= Municipalities in Bosnia and Herzegovina =

Third-level administrative divisions of Bosnia and Herzegovina

Map of the municipalities of Bosnia and Herzegovina, showing the FBiH in blue, the RS in red, and Brčko District in yellow.

In Bosnia and Herzegovina, the smallest administrative unit is the municipality ("opština/општина" or "općina/опћина" in the official languages and scripts of the country). Prior to the 1992–95 Bosnian War there were 109 municipalities in what was then Socialist Republic of Bosnia and Herzegovina. Ten of these formed the area of the capital Sarajevo.

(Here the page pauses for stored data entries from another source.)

lemma generic_for_exists:
  assumes "finite A"
  shows "\<exists>g. generic_for A g"
proof -
  let ?Z = "(\<lambda>(B, h). dual_vector B h) ` (Pow A \<times> A)"
  have "finite ?Z"
    using assms by simp
  then obtain g where g: "\<forall>z\<in>?Z. z \<noteq> 0 \<longrightarrow> g \<bullet> z \<noteq> 0"
    using exists_inner_nonzero by blast
  have "generic_for A g"
    unfolding generic_for_def
  proof (intro allI impI ballI)
    fix B h
    assume B: "B \<subseteq> A" "independent_constraints B" "h \<in> B"
    then have "dual_vector B h \<in> ?Z"
      by (intro image_eqI[of _ _ "(B, h)"]) auto
    then show "g \<bullet> dual_vector B h \<noteq> 0"
      using g dual_vector_nonzero[OF B(2,3)] by blast
  qed
  then show ?thesis ..
qed

section \<open>Integer combinations of indicator functions\<close>

definition int_combination :: "'a set set \<Rightarrow> ('a \<Rightarrow> int) \<Rightarrow> bool" where
  "int_combination \<Q> f \<longleftrightarrow>
     (\<exists>R \<kappa>. finite R \<and> R \<subseteq> \<Q> \<and> f = (\<lambda>v. \<Sum>Q\<in>R. \<kappa> Q * of_bool (v \<in> Q)))"

lemma sum_extend_support:
  fixes \<kappa> :: "'a \<Rightarrow> 'b::semiring_0"
  assumes "finite R'" "R \<subseteq> R'"
  shows "(\<Sum>Q\<in>R'. (if Q \<in> R then \<kappa> Q else 0) * x Q) = (\<Sum>Q\<in>R. \<kappa> Q * x Q)"
proof -
  have "(\<Sum>Q\<in>R'. (if Q \<in> R then \<kappa> Q else 0) * x Q) = (\<Sum>Q\<in>R'. if Q \<in> R then \<kappa> Q * x Q else 0)"
    by (rule sum.cong) auto
  also have "\<dots> = (\<Sum>Q\<in>R' \<inter> R. \<kappa> Q * x Q)"
    using assms(1) by (rule sum.inter_restrict[symmetric])
  finally show ?thesis
    using assms(2) by (simp add: Int_absorb1)
qed

lemma int_combination_common_support:
  assumes "finite J" "\<forall>j\<in>J. int_combination \<Q> (f j)"
  obtains R \<kappa> where "finite R" "R \<subseteq> \<Q>"
    "\<forall>j\<in>J. f j = (\<lambda>v. \<Sum>Q\<in>R. \<kappa> j Q * of_bool (v \<in> Q))"
proof -
  obtain R where "\<forall>j\<in>J. \<exists>\<kappa>. finite (R j) \<and> R j \<subseteq> \<Q> \<and>
      f j = (\<lambda>v. \<Sum>Q\<in>R j. \<kappa> Q * of_bool (v \<in> Q))"
    using bchoice[OF assms(2)[unfolded int_combination_def]] by blast
  then have "\<exists>\<kappa>. \<forall>j\<in>J. finite (R j) \<and> R j \<subseteq> \<Q> \<and>
      f j = (\<lambda>v. \<Sum>Q\<in>R j. \<kappa> j Q * of_bool (v \<in> Q))"
    by (rule bchoice)
  then obtain \<kappa> where R: "\<forall>j\<in>J. finite (R j) \<and> R j \<subseteq> \<Q> \<and>
      f j = (\<lambda>v. \<Sum>Q\<in>R j. \<kappa> j Q * of_bool (v \<in> Q))" ..
  have fin: "finite (\<Union>(R ` J))"
    using R assms(1) by blast
  have eq: "f j = (\<lambda>v. \<Sum>Q\<in>\<Union>(R ` J). (if Q \<in> R j then \<kappa> j Q else 0) * of_bool (v \<in> Q))"
    if j: "j \<in> J" for j
  proof -
    have sub: "R j \<subseteq> \<Union>(R ` J)"
      using j by blast
    have "f j = (\<lambda>v. \<Sum>Q\<in>R j. \<kappa> j Q * of_bool (v \<in> Q))"
      using R j by blast
    also have "\<dots> = (\<lambda>v. \<Sum>Q\<in>\<Union>(R ` J). (if Q \<in> R j then \<kappa> j Q else 0) * of_bool (v \<in> Q))"
      unfolding sum_extend_support[OF fin sub] ..
    finally show ?thesis .
  qed
  have "\<Union>(R ` J) \<subseteq> \<Q>"
    using R by blast
  with fin show thesis
    by (rule that[of _ "\<lambda>j Q. if Q \<in> R j then \<kappa> j Q else 0"]) (use eq in blast)
qed

lemma int_combination_indicator: "Q \<in> \<Q> \<Longrightarrow> int_combination \<Q> (\<lambda>v. of_bool (v \<in> Q))"
  unfolding int_combination_def by (intro exI[of _ "{Q}"] exI[of _ "\<lambda>_. 1"]) auto

lemma int_combination_lincomb:
  assumes "int_combination \<Q> f1" "int_combination \<Q> f2"
  shows "int_combination \<Q> (\<lambda>v. c1 * f1 v + c2 * f2 v)"
proof -
  have "finite (UNIV :: bool set)" "\<forall>b\<in>UNIV. int_combination \<Q> (if b then f1 else f2)"
    using assms by simp_all
  then obtain R \<kappa> where R: "finite R" "R \<subseteq> \<Q>"
    and f: "\<forall>b\<in>UNIV. (if b then f1 else f2) = (\<lambda>v. \<Sum>Q\<in>R. \<kappa> b Q * of_bool (v \<in> Q))"
    by (rule int_combination_common_support)
  have "c1 * f1 v + c2 * f2 v = (\<Sum>Q\<in>R. (c1 * \<kappa> True Q + c2 * \<kappa> False Q) * of_bool (v \<in> Q))"
    for v
    using bspec[OF f UNIV_I, of True] bspec[OF f UNIV_I, of False]
    by (simp add: distrib_right sum.distrib sum_distrib_left mult.assoc del: sum_mult_of_bool_eq)
  then show ?thesis
    unfolding int_combination_def using R
    by (intro exI[of _ R] exI[of _ "\<lambda>Q. c1 * \<kappa> True Q + c2 * \<kappa> False Q"] conjI ext)
qed

lemma int_combination_sum:
  assumes "finite X" "\<And>x. x \<in> X \<Longrightarrow> int_combination \<Q> (f x)"
  shows "int_combination \<Q> (\<lambda>v. \<Sum>x\<in>X. c x * f x v)"
  using assms
proof (induction X rule: finite_induct)
  case empty
  then show ?case
    unfolding int_combination_def by (intro exI[of _ "{}"]) auto
next
  case (insert x X)
  then show ?case
    using int_combination_lincomb[of \<Q> "f x" "\<lambda>v. \<Sum>x\<in>X. c x * f x v" "c x" 1] by simp
qed

section \<open>Decomposing polyhedra into good cells\<close>

definition negative_edges :: "'v::euclidean_space \<Rightarrow> ('v \<times> real) set \<Rightarrow> ('v \<times> real) set \<Rightarrow> ('v \<times> real) set" where
  "negative_edges g B S = {s\<in>S. g \<bullet> dual_vector B s < 0}"

definition good_cells :: "('v::euclidean_space \<times> real) set \<Rightarrow> 'v \<Rightarrow> 'v set set" where
  "good_cells A g = {simplicial_cone B S | B S. B \<subseteq> A \<and> independent_constraints B \<and> S \<subseteq> B \<and>
     (\<forall>s\<in>S. 0 < g \<bullet> dual_vector B s)}"

lemma good_cell_no_negative_edges:
  assumes "generic_for A g" "B \<subseteq> A" "independent_constraints B" "S \<subseteq> B"
    and "negative_edges g B S = {}"
  shows "simplicial_cone B S \<in> good_cells A g"
proof -
  have "0 < g \<bullet> dual_vector B s" if "s \<in> S" for s
  proof -
    have "g \<bullet> dual_vector B s \<noteq> 0"
      using assms(1-4) that unfolding generic_for_def by blast
    moreover have "\<not> g \<bullet> dual_vector B s < 0"
      using assms(5) that unfolding negative_edges_def by blast
    ultimately show ?thesis
      by linarith
  qed
  then show ?thesis
    using assms(2-4) unfolding good_cells_def by blast
qed

lemma card_flip:
  assumes "finite B" "s \<in> B" "opposite s \<notin> B"
  shows "card (flip s B) = card B"
proof -
  have "card (flip s B) = Suc (card (B - {s}))"
    using assms by (simp add: flip_def card_insert_disjoint)
  also have "\<dots> = card B"
    using card_Suc_Diff1[OF assms(1,2)] by simp
  finally show ?thesis .
qed

(* On the cell of the remaining constraints: [a \<bullet> v \<ge> c] = 1 - [a \<bullet> v \<le> c] + [a \<bullet> v = c]. *)
lemma simplicial_cone_flip_indicator:
  assumes "s \<in> S" "S \<subseteq> B" "opposite s \<notin> B"
  shows "(of_bool (v \<in> simplicial_cone B S) :: int) =
    of_bool (v \<in> simplicial_cone (B - {s}) (S - {s}))
    - of_bool (v \<in> simplicial_cone (flip s B) (insert (opposite s) (S - {s})))
    + of_bool (v \<in> simplicial_cone B (S - {s}))"
proof -
  let ?Q = "v \<in> simplicial_cone (B - {s}) (S - {s})"
  have ball_B: "(\<forall>h\<in>B. P h) \<longleftrightarrow> P s \<and> (\<forall>h\<in>B - {s}. P h)" for P
    using assms by blast
  have ball_flip: "(\<forall>h\<in>flip s B. P h) \<longleftrightarrow> P (opposite s) \<and> (\<forall>h\<in>B - {s}. P h)" for P
    by (auto simp: flip_def)
  have "B - (S - {s}) = insert s (B - S)" "B - {s} - (S - {s}) = B - S"
    "flip s B - insert (opposite s) (S - {s}) = B - S"
    using assms by (auto simp: flip_def)
  then have "v \<in> simplicial_cone B S \<longleftrightarrow> ?Q \<and> snd s \<le> fst s \<bullet> v"
    and "v \<in> simplicial_cone (flip s B) (insert (opposite s) (S - {s})) \<longleftrightarrow> ?Q \<and> fst s \<bullet> v \<le> snd s"
    and "v \<in> simplicial_cone B (S - {s}) \<longleftrightarrow> ?Q \<and> snd s \<le> fst s \<bullet> v \<and> fst s \<bullet> v \<le> snd s"
    using assms by (auto simp: mem_simplicial_cone ball_B ball_flip opposite_def)
  moreover have "snd s \<le> fst s \<bullet> v \<or> fst s \<bullet> v \<le> snd s"
    by linarith
  ultimately show ?thesis
    by (cases ?Q) auto
qed

lemma negative_edges_flip:
  assumes "independent_constraints B" "s \<in> negative_edges g B S" "S \<subseteq> B"
  shows "negative_edges g (flip s B) (insert (opposite s) (S - {s})) = negative_edges g B S - {s}"
proof -
  have sB: "s \<in> B" and "g \<bullet> dual_vector B s < 0"
    using assms(2,3) by (auto simp: negative_edges_def)
  then have "\<not> g \<bullet> dual_vector (flip s B) (opposite s) < 0"
    by (simp add: dual_vector_flip_opposite[OF assms(1) sB])
  moreover have "dual_vector (flip s B) x = dual_vector B x" if "x \<in> S - {s}" for x
    using dual_vector_flip[OF assms(1) sB] that assms(3) by blast
  ultimately show ?thesis
    unfolding negative_edges_def by auto
qed

(* Induction on the number of negative edges: flipping s replaces dual_vector B s by its negative. *)
lemma int_combination_simplicial_cone_same_card:
  assumes A: "\<forall>h\<in>A. opposite h \<in> A" and g: "generic_for A g"
    and smaller: "\<And>B' S'. card B' < card B0 \<Longrightarrow> B' \<subseteq> A \<Longrightarrow> independent_constraints B' \<Longrightarrow>
      S' \<subseteq> B' \<Longrightarrow> int_combination (good_cells A g) (\<lambda>v. of_bool (v \<in> simplicial_cone B' S'))"
  shows "card B = card B0 \<Longrightarrow> B \<subseteq> A \<Longrightarrow> independent_constraints B \<Longrightarrow> S \<subseteq> B \<Longrightarrow>
    int_combination (good_cells A g) (\<lambda>v. of_bool (v \<in> simplicial_cone B S))"
proof (induction "card (negative_edges g B S)" arbitrary: B S rule: less_induct)
  case less
  have fin: "finite B" "finite (negative_edges g B S)"
    using less.prems independent_constraints_finite finite_subset
    by (fastforce simp: negative_edges_def)+
  show ?case
  proof (cases "negative_edges g B S = {}")
    case True
    then have "simplicial_cone B S \<in> good_cells A g"
      by (rule good_cell_no_negative_edges[OF g less.prems(2-4)])
    then show ?thesis
      by (rule int_combination_indicator)
  next
    case False
    then obtain s where s: "s \<in> negative_edges g B S"
      by blast
    have sS: "s \<in> S" and sB: "s \<in> B"
      using s less.prems by (auto simp: negative_edges_def)
    have opp: "opposite s \<notin> B"
      using opposite_notin_independent less.prems(3) sB .
    have "card (B - {s}) < card B0"
      using card_Diff1_less[OF fin(1) sB] less.prems(1) by simp
    then have r1: "int_combination (good_cells A g)
        (\<lambda>v. of_bool (v \<in> simplicial_cone (B - {s}) (S - {s})))"
      using less.prems by (intro smaller) (auto intro: independent_constraints_subset)
    have "card (flip s B) = card B0"
      using card_flip[OF fin(1) sB opp] less.prems(1) by simp
    moreover have "card (negative_edges g (flip s B) (insert (opposite s) (S - {s})))
        < card (negative_edges g B S)"
      unfolding negative_edges_flip[OF less.prems(3) s less.prems(4)]
      using fin(2) s by (rule card_Diff1_less)
    moreover have "flip s B \<subseteq> A"
      using A sB less.prems(2) by (auto simp: flip_def)
    ultimately have r2: "int_combination (good_cells A g)
        (\<lambda>v. of_bool (v \<in> simplicial_cone (flip s B) (insert (opposite s) (S - {s}))))"
      using less.prems independent_constraints_flip[OF less.prems(3) sB]
      by (intro less.hyps) (auto simp: flip_def)
    have "negative_edges g B (S - {s}) = negative_edges g B S - {s}"
      by (auto simp: negative_edges_def)
    then have "card (negative_edges g B (S - {s})) < card (negative_edges g B S)"
      using fin(2) s by (simp only: card_Diff1_less)
    then have r3: "int_combination (good_cells A g)
        (\<lambda>v. of_bool (v \<in> simplicial_cone B (S - {s})))"
      using less.prems by (intro less.hyps) auto
    show ?thesis
      using int_combination_lincomb[OF int_combination_lincomb[OF r1 r2, of 1 "-1"] r3, of 1 1]
      by (simp add: simplicial_cone_flip_indicator[OF sS less.prems(4) opp])
  qed
qed
(* Let $N_t,N_r\ge1$ and let $X$ be either $X_{\rm MRC}$ or $X_{\rm MMSE}$ (defined below). Let $C(\rho)=N_t\,\mathrm{E}[\ln(1+\frac{\rho}{N_t}X)]$ (rate in nats), and define $\frac{E_b}{N_0}_{\min}=\frac{\ln 2}{\dot C(0)}$ and $S_0=\frac{2[\dot C(0)]^2}{-\ddot C(0)}$, where dots denote right derivatives with respect to $\rho$ at $\rho=0$. Then for both receivers $$\frac{E_b}{N_0}_{\min}=\frac{\ln 2}{N_r},\qquad S_0=\frac{2N_tN_r}{2N_t+N_r-1}.$$
   Context: Let $\mathbf{H}$ be an $N_r\times N_t$ matrix with i.i.d. $\mathcal{CN}(0,1)$ entries, $\mathbf{h}_j$ its columns, fix $k$, and let $\mathbf{K}$ be $\mathbf{H}$ with column $k$ deleted. $X_{\rm MRC}=\|\mathbf{h}_k\|^2\big/\big(1+\frac{\rho}{N_t}\sum_{j\ne k}|\mathbf{h}_k^\dagger\mathbf{h}_j|^2/\|\mathbf{h}_k\|^2\big)$ and $X_{\rm MMSE}=\mathbf{h}_k^\dagger(\frac{\rho}{N_t}\mathbf{K}\mathbf{K}^\dagger+\mathbf{I}_{N_r})^{-1}\mathbf{h}_k$ (both depend on $\rho$). $\frac{E_b}{N_0}_{\min}$ is the minimum energy per bit and $S_0$ the wideband slope (bits/s/Hz per 3 dB) in Verdú's low-SNR framework. *)

theory Defs
  imports "HOL-Analysis.Analysis"
begin

text \<open>Channel matrix H :: complex^'t^'r is an N_r x N_t matrix (H$i$j = row i, column j),
  N_r = CARD('r), N_t = CARD('t).  Its law: i.i.d. CN(0,1) entries, i.e. the density
  prod_{i,j} exp(-|H_ij|^2)/pi with respect to Lebesgue measure on C^(N_r x N_t) = R^(2 N_r N_t).\<close>

definition chan_measure :: "(complex^'t::finite^'r::finite) measure" where
  "chan_measure = density lborel
     (\<lambda>H. ennreal (\<Prod>i\<in>UNIV. \<Prod>j\<in>UNIV. exp (- (cmod (H$i$j))\<^sup>2) / pi))"
lemma orthogonal_mat_in_span_cols:
  fixes U :: "real mat"
  assumes U: "U \<in> carrier_mat m m" and UU: "U\<^sup>T * U = 1\<^sub>m m"
    and J: "J \<subseteq> {..<m}" and x: "x \<in> carrier_vec m"
    and orth: "\<forall>j<m. j \<notin> J \<longrightarrow> col U j \<bullet> x = 0"
  shows "x \<in> LinearCombinations.module.span class_ring (module_vec TYPE(real) m) (col U ` J)"
proof -
  define ys where "ys = map (col U) (filter (\<lambda>j. j \<notin> J) [0..<m])"
  define zs where "zs = map (col U) (filter (\<lambda>j. j \<in> J) [0..<m])"
  have on: "orthonormal m (cols U)" by (rule orthonormal_cols[OF U UU])
  have inj: "inj_on (col U) {..<m}" by (rule orthogonal_mat_inj_on_cols[OF U UU])
  have set: "set (ys @ zs) = set (cols U)" using U unfolding ys_def zs_def cols_def by auto
  have "distinct (filter (\<lambda>j. j \<notin> J) [0..<m] @ filter (\<lambda>j. j \<in> J) [0..<m])" by auto
  moreover have "inj_on (col U) (set (filter (\<lambda>j. j \<notin> J) [0..<m] @ filter (\<lambda>j. j \<in> J) [0..<m]))"
    by (rule inj_on_subset[OF inj]) auto
  ultimately have "distinct (ys @ zs)"
    unfolding ys_def zs_def map_append[symmetric] distinct_map by blast
  hence on': "orthonormal m (ys @ zs)" using orthonormal_subset[OF on] set by simp
  have "length (ys @ zs) = m"
    using distinct_card[OF \<open>distinct (ys @ zs)\<close>] distinct_card[OF orthonormalD(2)[OF on]] set U by simp
  moreover have "\<forall>y\<in>set ys. y \<bullet> x = 0" using orth unfolding ys_def by auto
  ultimately have "x = mat_of_cols m zs *\<^sub>v ((mat_of_cols m zs)\<^sup>T *\<^sub>v x)"
    by (rule orthonormal_basis_expansion[OF on' _ x])
  moreover have "(mat_of_cols m zs)\<^sup>T *\<^sub>v x \<in> carrier_vec (length zs)"
    using x by (intro mult_mat_vec_carrier[of _ _ m]) simp_all
  ultimately have "x \<in> Col (mat_of_cols m zs)"
    using mult_mat_vec_in_Col[OF mat_of_cols_carrier(1)] by metis
  moreover have "set zs = col U ` J" unfolding zs_def using J by auto
  moreover have "set zs \<subseteq> carrier_vec m" unfolding zs_def using U by auto
  ultimately show ?thesis using span_eq_Col_mat_of_cols[of zs m] by simp
qed
(* Let $G$ be a simple graph of order $n$ and $m\ge 3$. Let $\alpha'(G)$ be the size of a maximum matching $M$ of $G$ and $l=n-2\alpha'(G)$ the number of $M$-unsaturated vertices of $G$. Then $s(G\circ C_m)=n\,s(C_m)+\alpha'(G)+l$ if $m\equiv 0\pmod 3$, and $s(G\circ C_m)=n\,s(C_m)$ otherwise.
   Context: A matching in a graph is a set of edges no two of which share a vertex; it is maximal if it is not properly contained in another matching, and maximum if it has the largest possible size. A vertex is $M$-unsaturated if no edge of $M$ is incident to it. The saturation number $s(G)$ is the minimum cardinality of a maximal matching of $G$. $C_m$ is the cycle on $m$ vertices; $s(C_m)=\lceil m/3\rceil$. The corona $G_1\circ G_2$ is obtained by taking one copy of $G_1$ and $|V(G_1)|$ disjoint copies of $G_2$, and joining the $i$-th vertex of $G_1$ by an edge to every vertex of the $i$-th copy of $G_2$. *)

theory Defs
  imports Main
begin

definition simple_graph :: "'a set \<Rightarrow> 'a set set \<Rightarrow> bool" where
  "simple_graph V E \<longleftrightarrow> finite V \<and> (\<forall>e\<in>E. e \<subseteq> V \<and> card e = 2)"

definition matching :: "'a set set \<Rightarrow> 'a set set \<Rightarrow> bool" where
  "matching E M \<longleftrightarrow> M \<subseteq> E \<and> (\<forall>e1\<in>M. \<forall>e2\<in>M. e1 \<noteq> e2 \<longrightarrow> e1 \<inter> e2 = {})"

definition maximal_matching :: "'a set set \<Rightarrow> 'a set set \<Rightarrow> bool" where
  "maximal_matching E M \<longleftrightarrow> matching E M \<and> (\<forall>M'. matching E M' \<longrightarrow> M \<subseteq> M' \<longrightarrow> M' = M)"

definition matching_number :: "'a set set \<Rightarrow> nat" where
  "matching_number E = Max (card ` {M. matching E M})"

definition saturation_number :: "'a set set \<Rightarrow> nat" where
  "saturation_number E = Min (card ` {M. maximal_matching E M})"

definition cycle_vertices :: "nat \<Rightarrow> nat set" where
  "cycle_vertices m = {0..<m}"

After the war, the number of municipalities was increased to 143, grouped in the following way:
- 79 municipalities constitute the Federation of Bosnia and Herzegovina (FBiH), which comprises 51% of the country's total territory. The municipalities within the federation are grouped into ten cantons.
- 64 municipalities constitute the Republika Srpska (RS), which comprises 49% of the country's total territory.

In addition, Brčko District does not belong to either entity and is governed as a condominium of both FBiH and RS entities. The district corresponds to the pre-war Brčko municipality. Although technically not called a municipality, it is treated as such for statistic purposes.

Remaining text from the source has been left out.